Part 4: Enough Theory, Lets try it!
With the help of my high school cafeteria I was able to implement a cutting flexible queueing system during lunch. I placed a Surveying machine called a HappyOrNot Smiley terminal to see if the waiting experience improved from a week with normal fist come first served norms to a week with a cutting flexible system. The machine, like the one in the imaged below, asked students to rate their waiting experience.

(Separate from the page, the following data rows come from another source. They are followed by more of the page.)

(* Let $G:[0,1]\to\mathbb R$ be strictly convex and differentiable on $(0,1)$ and let $\mathcal I=(\Omega,\mathbb P,\mathcal S,\mathcal T,Y)$ be any information structure. Let $I_1,\dots,I_N$ be a partition of $[0,1]$ into intervals; for $u\in[0,1]$ let $k(u)$ be the index with $u\in I_{k(u)}$, let $S^{(k)}:=\{\sigma'\in\mathcal S:\mu_{\sigma'}\in I_k\}$, and write $k(\sigma):=k(\mu_\sigma)$, $k(\tau):=k(\mu_\tau)$. Let $Q=\mathbb P(k(\sigma)\ne k(\tau))$. Then $\mathbb E\big[D_G(\mu_{S^{(k(\sigma))}\tau}\parallel\mu_\tau)\big]\le 2\tilde G^*(Q)$, where $\mu_{S^{(k(\sigma))}\tau}=\mathbb E[Y\mid \sigma\in S^{(k(\sigma))},\tau]$, i.e. the expectation of $Y$ given $\tau$ and the index $k(\sigma)$.
   Context: An information structure is a tuple $(\Omega,\mathbb P,\mathcal S,\mathcal T,Y)$: a probability space, random variables $\sigma:\Omega\to\mathcal S$, $\tau:\Omega\to\mathcal T$, $Y:\Omega\to[0,1]$. $\mu_\sigma=\mathbb E[Y\mid\sigma]$, $\mu_\tau=\mathbb E[Y\mid\tau]$, and for measurable $S\subseteq\mathcal S$, $\mu_{S\tau}=\mathbb E[Y\mid\sigma\in S,\tau]$. $D_G(y\parallel x)=G(y)-G(x)-(y-x)G'(x)$. For $x\ge0$, $\tilde G(x):=\max_{a,b\in[0,1],\,|a-b|\le x}(G(a)-G(b))$ (so $\tilde G(x)=\sup G-\inf G$ for $x\ge1$), and $\tilde G^*$ is the smallest concave function on $[0,\infty)$ that is $\ge\tilde G$. *)

theory Defs
  imports "HOL-Probability.Probability"
begin

definition strictly_convex_on :: "real set \<Rightarrow> (real \<Rightarrow> real) \<Rightarrow> bool" where
  "strictly_convex_on A G \<longleftrightarrow>
     (\<forall>x\<in>A. \<forall>y\<in>A. \<forall>t. x \<noteq> y \<and> 0 < t \<and> t < 1 \<longrightarrow>
        G ((1 - t) * x + t * y) < (1 - t) * G x + t * G y)"

definition bregman :: "(real \<Rightarrow> real) \<Rightarrow> real \<Rightarrow> real \<Rightarrow> real" where
  "bregman G y x = G y - G x - (y - x) * deriv G x"

definition Gtilde :: "(real \<Rightarrow> real) \<Rightarrow> real \<Rightarrow> real" where
  "Gtilde G x = Sup {G a - G b | a b. a \<in> {0..1} \<and> b \<in> {0..1} \<and> \<bar>a - b\<bar> \<le> x}"

definition Gtilde_star :: "(real \<Rightarrow> real) \<Rightarrow> real \<Rightarrow> real" where
  "Gtilde_star G x = Inf {h x | h. concave_on {0..} h \<and> (\<forall>t\<ge>0. Gtilde G t \<le> h t)}"

definition kidx :: "(nat \<Rightarrow> real set) \<Rightarrow> nat \<Rightarrow> real \<Rightarrow> nat" where
  "kidx I N u = (THE k. k < N \<and> u \<in> I k)"

end

theory Submission
  imports Defs
begin

text \<open>
  Let \<open>F = \<sigma>(\<tau>)\<close> and \<open>H = \<sigma>(k(\<sigma>), \<tau>)\<close>, so that \<open>\<mu>\<^sub>\<tau> = E[Y | F]\<close> and \<open>\<mu>\<^sub>S\<^sub>\<tau> = E[Y | H]\<close>,
  and let \<open>E\<close> be the event \<open>k(\<sigma>) = k(\<tau>)\<close>, of probability \<open>1 - Q\<close>. Since \<open>k(\<tau>)\<close> is \<open>F\<close>-measurable,
  every event of \<open>H\<close> agrees on \<open>E\<close> with an event of \<open>F\<close>; hence on \<open>E\<close> the finer expectation is
  \<open>E[Y 1\<^sub>E | F] / P(E | F)\<close>, which is within \<open>q = P(E\<^sup>c | F)\<close> of \<open>\<mu>\<^sub>\<tau>\<close>. As \<open>F \<subseteq> H\<close>, the tangent term of
  the Bregman divergence has mean zero, so its expectation is \<open>E[G(\<mu>\<^sub>S\<^sub>\<tau>) - G(\<mu>\<^sub>\<tau>)]\<close>, which is at most
  \<open>E[G\<^sup>~(q)] + G\<^sup>~(1) Q\<close>. For a concave majorant \<open>h\<close> of \<open>G\<^sup>~\<close>, Jensen gives \<open>E[h(q)] \<le> h(E q) = h(Q)\<close>,
  and \<open>h(0) \<ge> 0\<close> gives \<open>h(1) Q \<le> h(Q)\<close>; the infimum over \<open>h\<close> is \<open>2 G\<^sup>~\<^sup>*(Q)\<close>.
\<close>

section \<open>Convex functions on the unit interval\<close>

lemma strictly_convex_on_imp_convex_on:
  assumes "convex A" and "strictly_convex_on A G"
  shows "convex_on A G"
proof (rule convex_onI)
  fix t x y :: real
  assume "0 < t" "t < 1" "x \<in> A" "y \<in> A"
  then show "G ((1 - t) *\<^sub>R x + t *\<^sub>R y) \<le> (1 - t) * G x + t * G y"
  proof (cases "x = y")
    case False
    with assms(2) \<open>0 < t\<close> \<open>t < 1\<close> \<open>x \<in> A\<close> \<open>y \<in> A\<close> show ?thesis
      unfolding strictly_convex_on_def by (auto intro: less_imp_le)
  qed (simp add: algebra_simps)
qed (fact assms(1))

lemma convex_on_01_bounded:
  fixes G :: "real \<Rightarrow> real"
  assumes "convex_on {0..1} G"
  obtains B where "\<And>x. x \<in> {0..1} \<Longrightarrow> \<bar>G x\<bar> \<le> B"
proof -
  define U where "U = max (G 0) (G 1)"
  have upper: "G x \<le> U" if "x \<in> {0..1}" for x
  proof -
    have "G ((1 - x) *\<^sub>R 0 + x *\<^sub>R 1) \<le> (1 - x) * G 0 + x * G 1"
      using convex_onD[OF assms, of x 0 1] that by auto
    also have "\<dots> \<le> (1 - x) * U + x * U"
      using that by (intro add_mono mult_left_mono) (auto simp: U_def)
    finally show ?thesis by (simp add: algebra_simps)
  qed
  have lower: "2 * G (1/2) - U \<le> G x" if "x \<in> {0..1}" for x
  proof -
    have midpoint: "(1 - 1/2) *\<^sub>R x + (1/2) *\<^sub>R (1 - x) = (1/2 :: real)"
      by (simp add: field_simps)
    have "G (1/2) \<le> (1 - 1/2) * G x + (1/2) * G (1 - x)"
      using convex_onD[OF assms, of "1/2" x "1 - x"] that unfolding midpoint by auto
    with upper[of "1 - x"] that show ?thesis by simp
  qed
  show ?thesis
  proof (rule that)
    fix x :: real assume "x \<in> {0..1}"
    with upper[of x] lower[of x] show "\<bar>G x\<bar> \<le> \<bar>U\<bar> + \<bar>2 * G (1/2) - U\<bar>"
      by linarith
  qed
qed

lemma convex_on_01_deriv_tangent:
  assumes "convex_on {0..1} G" and "G differentiable (at x)"
    and "x \<in> {0<..<1}" and "y \<in> {0..1}"
  shows "deriv G x * (y - x) \<le> G y - G x"
proof (rule convex_on_imp_above_tangent[OF assms(1)])
  have "(G has_field_derivative deriv G x) (at x)"
    using assms(2) DERIV_deriv_iff_real_differentiable by blast
  then show "(G has_field_derivative deriv G x) (at x within {0..1})"
    by (rule has_field_derivative_at_within)
qed (use assms(3,4) in auto)

lemma convex_on_01_deriv_mono:
  assumes "convex_on {0..1} G" and "\<And>x. x \<in> {0<..<1} \<Longrightarrow> G differentiable (at x)"
  shows "mono_on {0<..<1} (deriv G)"
proof (rule mono_onI)
  fix x y :: real
  assume xy: "x \<in> {0<..<1}" "y \<in> {0<..<1}" "x \<le> y"
  have "deriv G x * (y - x) \<le> G y - G x" "deriv G y * (x - y) \<le> G x - G y"
    using convex_on_01_deriv_tangent[OF assms(1) assms(2)] xy(1,2) by auto
  then have "0 \<le> (deriv G y - deriv G x) * (y - x)"
    by (simp add: algebra_simps)
  then show "deriv G x \<le> deriv G y"
    using xy(3) by (cases "x = y") (auto simp: zero_le_mult_iff)
qed

lemma bregman_nonneg:
  assumes "convex_on {0..1} G" and "\<And>x. x \<in> {0<..<1} \<Longrightarrow> G differentiable (at x)"
    and "x \<in> {0..1}" and "y \<in> {0..1}" and "x \<in> {0, 1} \<Longrightarrow> y = x"
  shows "0 \<le> bregman G y x"
proof (cases "x \<in> {0<..<1}")
  case True
  then show ?thesis
    using convex_on_01_deriv_tangent[OF assms(1) assms(2) True assms(4)] True
    by (simp add: bregman_def algebra_simps)
next
  case False
  with assms(3,5) show ?thesis by (auto simp: bregman_def)
qed

lemma borel_measurable_indicator_01_mult:
  fixes G :: "real \<Rightarrow> real"
  assumes "continuous_on {0<..<1} G"
  shows "(\<lambda>x. indicator {0..1} x * G x) \<in> borel_measurable borel"
proof -
  have "(\<lambda>x. indicator {0<..<1} x * G x) \<in> borel_measurable borel"
    using borel_measurable_continuous_on_indicator[OF _ assms] by simp
  then have "(\<lambda>x. indicator {0<..<1} x * G x + indicator {0} x * G 0 + indicator {1} x * G 1)
      \<in> borel_measurable borel"
    by (rule borel_measurable_add[OF borel_measurable_add]) auto
  also have "(\<lambda>x. indicator {0<..<1} x * G x + indicator {0} x * G 0 + indicator {1} x * G 1)
      = (\<lambda>x. indicator {0..1} x * G x)"
    by (auto simp: fun_eq_iff indicator_def)
  finally show ?thesis .
qed

lemma borel_measurable_indicator_mono_on_mult:
  fixes f :: "real \<Rightarrow> real"
  assumes "mono_on A f" and "A \<in> sets borel"
  shows "(\<lambda>x. indicator A x * f x) \<in> borel_measurable borel"
proof -
  have "(\<lambda>x. indicator A x *\<^sub>R f x) \<in> borel_measurable borel"
    using borel_measurable_mono_on_fnc[OF assms(1)] assms(2)
    by (subst (asm) borel_measurable_restrict_space_iff) auto
  then show ?thesis by simp
qed

section \<open>The modulus \<open>Gtilde\<close> and its least concave majorant\<close>

lemma Gtilde_ge:
  assumes "\<And>x. x \<in> {0..1} \<Longrightarrow> \<bar>G x\<bar> \<le> B"
    and "a \<in> {0..1}" "b \<in> {0..1}" "\<bar>a - b\<bar> \<le> x"
  shows "G a - G b \<le> Gtilde G x"
  unfolding Gtilde_def
proof (rule cSup_upper)
  show "G a - G b \<in> {G a - G b |a b. a \<in> {0..1} \<and> b \<in> {0..1} \<and> \<bar>a - b\<bar> \<le> x}"
    using assms by blast
  show "bdd_above {G a - G b |a b. a \<in> {0..1} \<and> b \<in> {0..1} \<and> \<bar>a - b\<bar> \<le> x}"
  proof (rule bdd_aboveI)
    fix y assume "y \<in> {G a - G b |a b. a \<in> {0..1} \<and> b \<in> {0..1} \<and> \<bar>a - b\<bar> \<le> x}"
    then obtain a b where "y = G a - G b" "a \<in> {0..1}" "b \<in> {0..1}" by blast
    with assms(1)[of a] assms(1)[of b] show "y \<le> 2 * B" by linarith
  qed
qed

lemma Gtilde_nonneg:
  assumes "\<And>x. x \<in> {0..1} \<Longrightarrow> \<bar>G x\<bar> \<le> B" and "0 \<le> x"
  shows "0 \<le> Gtilde G x"
  using Gtilde_ge[OF assms(1), where a = 0 and b = 0 and x = x] assms(2) by simp

lemma Gtilde_le:
  assumes "\<And>x. x \<in> {0..1} \<Longrightarrow> \<bar>G x\<bar> \<le> B" and "0 \<le> x"
  shows "Gtilde G x \<le> 2 * B"
  unfolding Gtilde_def
proof (rule cSup_least)
  show "{G a - G b |a b. a \<in> {0..1} \<and> b \<in> {0..1} \<and> \<bar>a - b\<bar> \<le> x} \<noteq> {}"
    using assms by force
  fix y assume "y \<in> {G a - G b |a b. a \<in> {0..1} \<and> b \<in> {0..1} \<and> \<bar>a - b\<bar> \<le> x}"
  then obtain a b where "y = G a - G b" "a \<in> {0..1}" "b \<in> {0..1}" by blast
  with assms(1)[of a] assms(1)[of b] show "y \<le> 2 * B" by linarith
qed

lemma le_Gtilde_star:
  fixes X :: ennreal
  assumes bound: "\<And>x. x \<in> {0..1} \<Longrightarrow> \<bar>G x\<bar> \<le> B" and "0 \<le> Q"
    and majorant: "\<And>h. concave_on {0..} h \<Longrightarrow> \<forall>t\<ge>0. Gtilde G t \<le> h t
                     \<Longrightarrow> X \<le> ennreal (2 * h Q)"
  shows "X \<le> ennreal (2 * Gtilde_star G Q)"
proof -
  define V where "V = {h Q | h. concave_on {0..} h \<and> (\<forall>t\<ge>0. Gtilde G t \<le> h t)}"
  have X_le: "X \<le> ennreal (2 * v)" and v_nonneg: "0 \<le> v" if "v \<in> V" for v
  proof -
    obtain h where h: "v = h Q" "concave_on {0..} h" "\<forall>t\<ge>0. Gtilde G t \<le> h t"
      using \<open>v \<in> V\<close> unfolding V_def by blast
    then show "X \<le> ennreal (2 * v)"
      using majorant[OF h(2,3)] by simp
    show "0 \<le> v"
      using h Gtilde_nonneg[where G = G, OF bound \<open>0 \<le> Q\<close>] \<open>0 \<le> Q\<close> by auto
  qed
  have "2 * B \<in> V"
    unfolding V_def mem_Collect_eq
  proof (intro exI[of _ "\<lambda>_. 2 * B"] conjI allI impI)
    show "concave_on {0..} (\<lambda>_::real. 2 * B)"
      by (simp add: concave_on_const)
  qed (use Gtilde_le[where G = G, OF bound] in auto)
  then have "V \<noteq> {}"
    by blast
  have "X \<noteq> \<top>"
    using X_le[OF \<open>2 * B \<in> V\<close>] by (auto simp: top_unique)
  then obtain x where x: "X = ennreal x" "0 \<le> x"
    by (cases X) auto
  have "x / 2 \<le> Inf V"
  proof (rule cInf_greatest[OF \<open>V \<noteq> {}\<close>])
    fix v assume "v \<in> V"
    then have "x \<le> 2 * v"
      using X_le v_nonneg x by (simp add: ennreal_le_iff)
    then show "x / 2 \<le> v" by simp
  qed
  then have "x \<le> 2 * Gtilde_star G Q"
    unfolding Gtilde_star_def V_def[symmetric] by simp
  then show ?thesis
    unfolding x(1) by (rule ennreal_leI)
qed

From the control week to the cutting flexible week there was a slight improvement in the waiting experience. The following pie charts depict the distribution of responses. Dark green represented a mood of very happy, light green represented mild satisfaction, light red represented mildly disappointed, and dark red represented very disappointed.

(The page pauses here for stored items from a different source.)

(* Let $L\subseteq\mathbb{Z}^n$ be a lattice, let $L_{\mathbb{R}}$ carry an $L$-equivariant cell complex structure, and let $\psi\colon L_{\mathbb{R}}\to\mathbb{Z}^n$ be a compatible $\mathbb{Z}^n$-stratification. Then the $S$-module $M_\psi\otimes_{S[L]}S$ is (isomorphic to) the $S$-submodule of the group algebra $\Bbbk[\mathbb{Z}^n/L]$ generated by $\{\bm x^{\eta(\psi(\bm p))}:\bm p\text{ a vertex (0-cell) of }L_{\mathbb{R}}\}$.
   Context: Let $n\ge1$, $L\subseteq\mathbb{Z}^n$ a subgroup, $L_{\mathbb{R}}=L\otimes_{\mathbb{Z}}\mathbb{R}\subseteq\mathbb{R}^n$. A cell complex structure on $L_{\mathbb{R}}$ is $L$-equivariant if every translate by $\bm v\in L$ of an open cell is an open cell. Give $\mathbb{Z}^n$ the componentwise order and the Alexandrov topology (open sets = up-closed sets). A compatible $\mathbb{Z}^n$-stratification is a continuous map $\psi\colon L_{\mathbb{R}}\to\mathbb{Z}^n$ constant on each open cell with $\psi(\bm p+\bm v)=\psi(\bm p)+\bm v$ for all $\bm p\in L_{\mathbb{R}},\bm v\in L$. Let $\Bbbk$ be a field, $S=\Bbbk[x_1,\dots,x_n]$, $R=\Bbbk[x_1^{\pm1},\dots,x_n^{\pm1}]$, and $M_\psi\subseteq R$ the $S$-submodule generated by $\{\bm x^{\psi(\bm p)}:\bm p\in L_{\mathbb{R}}\}$. Let $S[L]=S[\bm z^{\bm v}:\bm v\in L]\subseteq S[z_1^{\pm1},\dots,z_n^{\pm1}]$, graded by $\deg(\bm x^{\bm u}\bm z^{\bm v})=\bm u+\bm v$. $R$ (and hence $M_\psi$, which is stable under this action) is an $S[L]$-module via $\bm x^{\bm u}\bm z^{\bm v}\mapsto \bm x^{\bm u+\bm v}$, and $S$ is an $S[L]$-module via $S\cong S[L]/\langle \bm z^{\bm v}-1:\bm v\in L\rangle$. Let $\eta\colon\mathbb{Z}^n\to\mathbb{Z}^n/L$ be the quotient map, and $\Bbbk[\mathbb{Z}^n/L]$ the group algebra, an $S$-module via $\bm x^{\bm u}\mapsto \bm x^{\eta(\bm u)}$. *)

theory Defs
  imports "HOL-Analysis.Analysis" "HOL-Library.Poly_Mapping" "HOL-Library.Product_Plus"
begin

definition subgroup_Zn :: "(int^'n::finite) set \<Rightarrow> bool" where
  "subgroup_Zn L \<longleftrightarrow> 0 \<in> L \<and> (\<forall>u\<in>L. \<forall>v\<in>L. u + v \<in> L) \<and> (\<forall>u\<in>L. - u \<in> L)"

definition real_of_intvec :: "int^'n::finite \<Rightarrow> real^'n" where
  "real_of_intvec v = (\<chi> i. real_of_int (v $ i))"

definition LR :: "(int^'n::finite) set \<Rightarrow> (real^'n) set" where
  "LR L = span (real_of_intvec ` L)"

text \<open>Closed and open d-balls, d = card J, realized inside the coordinate subspace
  spanned by the coordinates in J.\<close>

definition cdisc :: "'n::finite set \<Rightarrow> (real^'n) set" where
  "cdisc J = {x. (\<forall>i. i \<notin> J \<longrightarrow> x $ i = 0) \<and> norm x \<le> 1}"

definition odisc :: "'n::finite set \<Rightarrow> (real^'n) set" where
  "odisc J = {x. (\<forall>i. i \<notin> J \<longrightarrow> x $ i = 0) \<and> norm x < 1}"

definition cell_of_dim :: "(real^'m::finite) set \<Rightarrow> nat \<Rightarrow> bool" where
  "cell_of_dim e d \<longleftrightarrow> (\<exists>(J::'m set) f g. card J = d \<and> continuous_on (cdisc J) f \<and>
       f ` cdisc J = closure e \<and> homeomorphism (odisc J) e f g)"

definition cell_complex :: "(real^'m::finite) set \<Rightarrow> (real^'m) set set \<Rightarrow> bool" where
  "cell_complex X C \<longleftrightarrow>
     (\<forall>e\<in>C. e \<noteq> {}) \<and> pairwise disjnt C \<and> \<Union>C = X \<and>
     (\<forall>e\<in>C. \<exists>d. cell_of_dim e d \<and>
         closure e - e \<subseteq> \<Union>{e'\<in>C. \<exists>d'<d. cell_of_dim e' d'}) \<and>
     (\<forall>e\<in>C. finite {e'\<in>C. e' \<inter> closure e \<noteq> {}}) \<and>
     (\<forall>A. A \<subseteq> X \<longrightarrow> (closedin (top_of_set X) A \<longleftrightarrow>
            (\<forall>e\<in>C. closedin (top_of_set X) (A \<inter> closure e))))"

definition L_equivariant :: "(int^'n::finite) set \<Rightarrow> (real^'n) set set \<Rightarrow> bool" where
  "L_equivariant L C \<longleftrightarrow> (\<forall>e\<in>C. \<forall>v\<in>L. (\<lambda>p. p + real_of_intvec v) ` e \<in> C)"

text \<open>Vertices = 0-cells (a 0-cell is a single point).\<close>

definition vertices :: "(real^'m::finite) set set \<Rightarrow> (real^'m) set" where
  "vertices C = {p. {p} \<in> C}"

text \<open>Alexandrov topology on Z^n with componentwise order: open sets are up-closed sets.\<close>

definition up_closed :: "(int^'n::finite) set \<Rightarrow> bool" where
  "up_closed U \<longleftrightarrow> (\<forall>u\<in>U. \<forall>w. u \<le> w \<longrightarrow> w \<in> U)"

definition compatible_stratification ::
  "(int^'n::finite) set \<Rightarrow> (real^'n) set set \<Rightarrow> (real^'n \<Rightarrow> int^'n) \<Rightarrow> bool" where
  "compatible_stratification L C \<psi> \<longleftrightarrow>
     (\<forall>U. up_closed U \<longrightarrow> openin (top_of_set (LR L)) {p \<in> LR L. \<psi> p \<in> U}) \<and>
     (\<forall>e\<in>C. \<forall>p\<in>e. \<forall>q\<in>e. \<psi> p = \<psi> q) \<and>
     (\<forall>p\<in>LR L. \<forall>v\<in>L. \<psi> (p + real_of_intvec v) = \<psi> p + v)"

text \<open>Laurent polynomial ring R = k[x^{+-1}] as finitely supported maps from Z^n to k
  (with convolution product); monomial x^u is single u 1.\<close>

type_synonym ('n, 'k) laurent = "(int^'n) \<Rightarrow>\<^sub>0 'k"

definition xmono :: "int^'n::finite \<Rightarrow> ('n, 'k::field) laurent" where
  "xmono u = Poly_Mapping.single u 1"

text \<open>S = k[x_1..x_n] as the subring of R of polynomials with exponents in N^n.\<close>

definition Spoly :: "('n::finite, 'k::field) laurent set" where
  "Spoly = {f. \<forall>u\<in>Poly_Mapping.keys f. 0 \<le> u}"

definition gen_span :: "('a \<Rightarrow> 'b \<Rightarrow> 'b::comm_monoid_add) \<Rightarrow> 'a set \<Rightarrow> 'b set \<Rightarrow> 'b set" where
  "gen_span act A B = {x. \<exists>(N::nat) (a::nat \<Rightarrow> 'a) (b::nat \<Rightarrow> 'b).
     (\<forall>j<N. a j \<in> A \<and> b j \<in> B) \<and> x = (\<Sum>j<N. act (a j) (b j))}"

definition M_psi :: "(int^'n::finite) set \<Rightarrow> (real^'n \<Rightarrow> int^'n) \<Rightarrow> ('n, 'k::field) laurent set" where
  "M_psi L \<psi> = gen_span (*) Spoly {xmono (\<psi> p) | p. p \<in> LR L}"

text \<open>S[L] = S[z^v : v \<in> L], modelled inside k[x,z^{+-1}] as finitely supported maps on pairs
  (u,v) (monomial x^u z^v), with u \<ge> 0 and v \<in> L.\<close>

type_synonym ('n, 'k) xz = "((int^'n) \<times> (int^'n)) \<Rightarrow>\<^sub>0 'k"

definition SL :: "(int^'n::finite) set \<Rightarrow> ('n, 'k::field) xz set" where
  "SL L = {f. \<forall>k\<in>Poly_Mapping.keys f. 0 \<le> fst k \<and> snd k \<in> L}"

text \<open>The ring map S[L] \<rightarrow> R, x^u z^v \<mapsto> x^(u+v), through which S[L] acts on R.\<close>

definition SL_to_R :: "('n::finite, 'k::field) xz \<Rightarrow> ('n, 'k) laurent" where
  "SL_to_R f = (\<Sum>k\<in>Poly_Mapping.keys f. Poly_Mapping.single (fst k + snd k) (Poly_Mapping.lookup f k))"

text \<open>The ideal I = <z^v - 1 : v \<in> L> of S[L], with S = S[L]/I.\<close>

definition I_L :: "(int^'n::finite) set \<Rightarrow> ('n, 'k::field) xz set" where
  "I_L L = gen_span (*) (SL L) {Poly_Mapping.single (0, v) 1 - 1 | v. v \<in> L}"

text \<open>I \<cdot> M for an S[L]-submodule M of R; then M \<otimes>_{S[L]} S = M \<otimes>_{S[L]} S[L]/I = M / I M.\<close>

definition IM :: "(int^'n::finite) set \<Rightarrow> ('n, 'k::field) laurent set \<Rightarrow> ('n, 'k) laurent set" where
  "IM L M = gen_span (\<lambda>i m. SL_to_R i * m) (I_L L) M"

text \<open>eta(u) = u + L, the coset of u. k[Z^n/L] is represented by finitely supported maps from
  cosets to k; its elements are those with Poly_Mapping.keys among the cosets.\<close>

definition eta :: "(int^'n::finite) set \<Rightarrow> int^'n \<Rightarrow> (int^'n) set" where
  "eta L u = (\<lambda>v. u + v) ` L"

definition group_alg :: "(int^'n::finite) set \<Rightarrow> ((int^'n) set \<Rightarrow>\<^sub>0 'k::field) set" where
  "group_alg L = {f. Poly_Mapping.keys f \<subseteq> range (eta L)}"

text \<open>S-action on k[Z^n/L]: x^u acts as multiplication by x^(eta u) in the group algebra,
  i.e. it translates the coset c to u + c.\<close>

definition S_act :: "('n::finite, 'k::field) laurent \<Rightarrow> ((int^'n) set \<Rightarrow>\<^sub>0 'k) \<Rightarrow> ((int^'n) set \<Rightarrow>\<^sub>0 'k)" where
  "S_act s f = (\<Sum>u\<in>Poly_Mapping.keys s. \<Sum>c\<in>Poly_Mapping.keys f.
       Poly_Mapping.single ((\<lambda>w. u + w) ` c) (Poly_Mapping.lookup s u * Poly_Mapping.lookup f c))"

definition gmono :: "(int^'n::finite) set \<Rightarrow> int^'n \<Rightarrow> ((int^'n) set \<Rightarrow>\<^sub>0 'k::field)" where
  "gmono L u = Poly_Mapping.single (eta L u) 1"

text \<open>M/K \<cong> N as S-modules, expressed (first isomorphism theorem) by a surjective
  S-linear map M \<rightarrow> N with kernel K.\<close>

definition quotient_iso ::
  "('n::finite, 'k::field) laurent set \<Rightarrow> ('n, 'k) laurent set \<Rightarrow> ((int^'n) set \<Rightarrow>\<^sub>0 'k) set \<Rightarrow> bool" where
  "quotient_iso M K N \<longleftrightarrow> (\<exists>\<Phi>. \<Phi> ` M = N \<and>
      (\<forall>m\<in>M. \<forall>m'\<in>M. \<Phi> (m + m') = \<Phi> m + \<Phi> m') \<and>
      (\<forall>s\<in>Spoly. \<forall>m\<in>M. \<Phi> (s * m) = S_act s (\<Phi> m)) \<and>
      {m\<in>M. \<Phi> m = 0} = K)"

end

theory Submission
  imports Defs
begin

Qualitative Observations:The cutting flexible queuing system was able to maintain a state of equilibria where norms and order of the mechanism was maintained. According to the staff of the cafeteria, the frequency of queue cutting did not increase even after several bright colour posters stating that queue cutting was allowed where placed all around the premise. An alternative hypothesis is that the social cost of cutting in front of known people is higher than the benefit gained from saving time while cutting. The social pressure inquired by cutting in front of acquaintances might prevent people from cutting in line even if queue cutting is allowed.
Part 5: In Conclusion:
While the observed improvement in waiting experience was very small, I believe that this opens the conversation into allowing queue cutting in places where a minority of people can be benefited from it. The fact that the experiment recorded a social equilibrium that maintained control shows that the cultural norms make enough pressure to allow for the implementation of this systems without fear of creating chaos. This systems are meant to help everyone who needs to cut in line for some reason or another, and while it is indeed the minority who ultimately decides to cut, that minority might include almost anyone.